L’identification des risques ergonomiques ne doit pas attendre les premières plaintes. Elle doit être intégrée dans vos processus quotidiens. Vos meilleurs experts pour déceler ces risques sont vos propres employés. Ils sont les capteurs les plus sensibles aux contraintes de leur poste. Mettez en place des canaux simples pour recueillir leurs observations : une boîte à idées dédiée à l’ergonomie, des questions ciblées lors des marches Gemba (“Quelle partie de votre corps est la plus sollicitée ?”), ou des cartographies de la douleur où les employés peuvent indiquer anonymement les zones de leur corps qui sont douloureuses en fin de journée.
L’analyse des données existantes est aussi une source précieuse. Croisez les informations : les postes avec le plus fort taux d’absentéisme, ceux qui connaissent une baisse de qualité ou de productivité, ou encore les zones où les accidents mineurs (coupures, chocs) sont fréquents. Ces indicateurs sont souvent des signaux faibles d’une mauvaise conception de poste qui fatigue les opérateurs et diminue leur vigilance. Si le secteur de la fabrication de biens durables n’est pas le plus touché au Québec, il arrive tout de même en deuxième position après les soins de santé, avec 10 297 dossiers de lésions professionnelles, soulignant l’urgence d’agir.
Constituez une petite équipe pluridisciplinaire (opérateur, superviseur, maintenance, RSS) pour analyser les postes de travail les plus à risque. Utilisez des outils simples comme la vidéo pour décomposer les mouvements et identifier les postures critiques. L’objectif n’est pas de viser une “ergonomie parfaite” et coûteuse partout, mais de prioriser les “victoires rapides” : changer la hauteur d’une table, fournir un tapis anti-fatigue, améliorer l’éclairage, ou réorganiser le stockage des outils pour limiter les torsions. Chaque petite amélioration est un pas vers la prévention des TMS et une meilleure performance globale.

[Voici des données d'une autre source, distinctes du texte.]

lemma weighted_sum_le_top_subset:
  fixes w y :: "'a \<Rightarrow> real" and t :: nat
  assumes "finite A" "0 < t" "\<forall>c\<in>A. 0 \<le> w c \<and> w c \<le> 1" "sum w A \<le> t" "\<forall>c\<in>A. 0 \<le> y c"
  shows "\<exists>T\<subseteq>A. card T < t \<and> (\<Sum>c\<in>A. w c * y c) \<le> sum y T + sum y A / t"
proof (cases "card A < t")
  case True
  have "(\<Sum>c\<in>A. w c * y c) \<le> sum y A"
    using assms(3,5) by (intro sum_mono) (simp add: mult_left_le_one_le)
  moreover have "0 \<le> sum y A / t"
    using assms(5) by (simp add: sum_nonneg)
  ultimately show ?thesis
    using True by (intro exI[of _ A]) auto
next
  case False
  then obtain T' where T': "T' \<subseteq> A" "card T' = t" "\<forall>a\<in>T'. \<forall>b\<in>A - T'. y b \<le> y a"
    using exists_top_subset[OF assms(1), of t y] by auto
  have "finite T'" "T' \<noteq> {}"
    using T' assms(1,2) finite_subset by auto
  \<comment> \<open>\<open>\<beta>\<close> is the \<open>t\<close>-th largest value of \<open>y\<close> on \<open>A\<close>, hence at most the mean of the top \<open>t\<close>\<close>
  define \<beta> where "\<beta> = Min (y ` T')"
  have "\<beta> \<in> y ` T'"
    unfolding \<beta>_def using \<open>finite T'\<close> \<open>T' \<noteq> {}\<close> by (intro Min_in) auto
  then obtain b where b: "b \<in> T'" "y b = \<beta>"
    by auto
  have above: "\<forall>a\<in>T' - {b}. \<beta> \<le> y a"
    using \<open>finite T'\<close> unfolding \<beta>_def by simp
  have below: "\<forall>c\<in>A - (T' - {b}). y c \<le> \<beta>"
    using T'(3) b by auto
  have "real t * \<beta> \<le> sum y T'"
    using sum_bounded_below[of T' \<beta> y] above b T'(2) by (metis Diff_iff order_refl singletonD)
  also have "\<dots> \<le> sum y A"
    using T'(1) assms(1,5) by (intro sum_mono2) auto
  finally have "\<beta> \<le> sum y A / t"
    using assms(2) by (simp add: field_simps)
  have "0 \<le> \<beta>"
    using b T'(1) assms(5) by auto
  have "(\<Sum>c\<in>A. w c * y c) \<le> sum y (T' - {b}) + \<beta> * (real t - card (T' - {b}))"
    using weighted_sum_le_threshold[OF assms(1) _ assms(3,4) \<open>0 \<le> \<beta>\<close> above below] T'(1) by auto
  also have "\<dots> = sum y (T' - {b}) + \<beta>"
    using b T'(2) \<open>finite T'\<close> assms(2) by simp
  finally show ?thesis
    using \<open>\<beta> \<le> sum y A / t\<close> b T' \<open>finite T'\<close> assms(2)
    by (intro exI[of _ "T' - {b}"]) auto
qed

lemma ex_le_average:
  fixes f :: "'a \<Rightarrow> real"
  assumes "finite A" "A \<noteq> {}"
  shows "\<exists>a\<in>A. f a \<le> sum f A / card A"
proof (rule ccontr)
  assume "\<not> ?thesis"
  then have "(\<Sum>a\<in>A. sum f A / card A) < sum f A"
    using assms by (intro sum_strict_mono) auto
  then show False
    using assms by simp
qed

lemma exists_parameters:
  fixes \<epsilon> :: real
  assumes "\<epsilon> < 1/2"
  obtains t m :: nat where "0 < t" "0 < m" "real t / real m + \<epsilon> / real t < 1 - 2 * \<epsilon>"
proof -
  define a where "a = 1 - 2 * \<epsilon>"
  have "0 < a"
    using assms by (simp add: a_def)
  obtain t :: nat where t: "2 / a < t"
    using reals_Archimedean2 by blast
  obtain m :: nat where m: "2 * t / a < m"
    using reals_Archimedean2 by blast
  have "0 < 2 / a"
    using \<open>0 < a\<close> by simp
  with t have "0 < real t"
    by linarith
  have "0 \<le> 2 * real t / a"
    using \<open>0 < a\<close> by simp
  with m have "0 < real m"
    by linarith
  have "real t / m < a / 2"
    using m \<open>0 < a\<close> \<open>0 < real m\<close> by (simp add: pos_divide_less_eq pos_less_divide_eq mult.commute)
  moreover have "\<epsilon> / t < a / 2"
  proof -
    have "\<epsilon> / t \<le> (1/2) / t"
      using assms by (intro divide_right_mono) auto
    also have "\<dots> < a / 2"
      using t \<open>0 < a\<close> \<open>0 < real t\<close> by (simp add: pos_divide_less_eq pos_less_divide_eq mult.commute)
    finally show ?thesis .
  qed
  ultimately have "real t / m + \<epsilon> / t < a / 2 + a / 2"
    by (rule add_strict_mono)
  then have "real t / m + \<epsilon> / t < 1 - 2 * \<epsilon>"
    by (simp add: a_def)
  moreover have "0 < t" "0 < m"
    using \<open>0 < real t\<close> \<open>0 < real m\<close> by simp_all
  ultimately show thesis
    using that by blast
qed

Maintenant que vous avez cette feuille de route, le plus grand défi est de faire le premier pas. Commencez petit. Choisissez une des stratégies de cet article – par exemple, organiser votre prochaine marche Gemba autour de l’identification des irritants – et mettez-la en pratique dès la semaine prochaine. Le chemin vers une culture interdépendante est un marathon, pas un sprint, et chaque pas compte.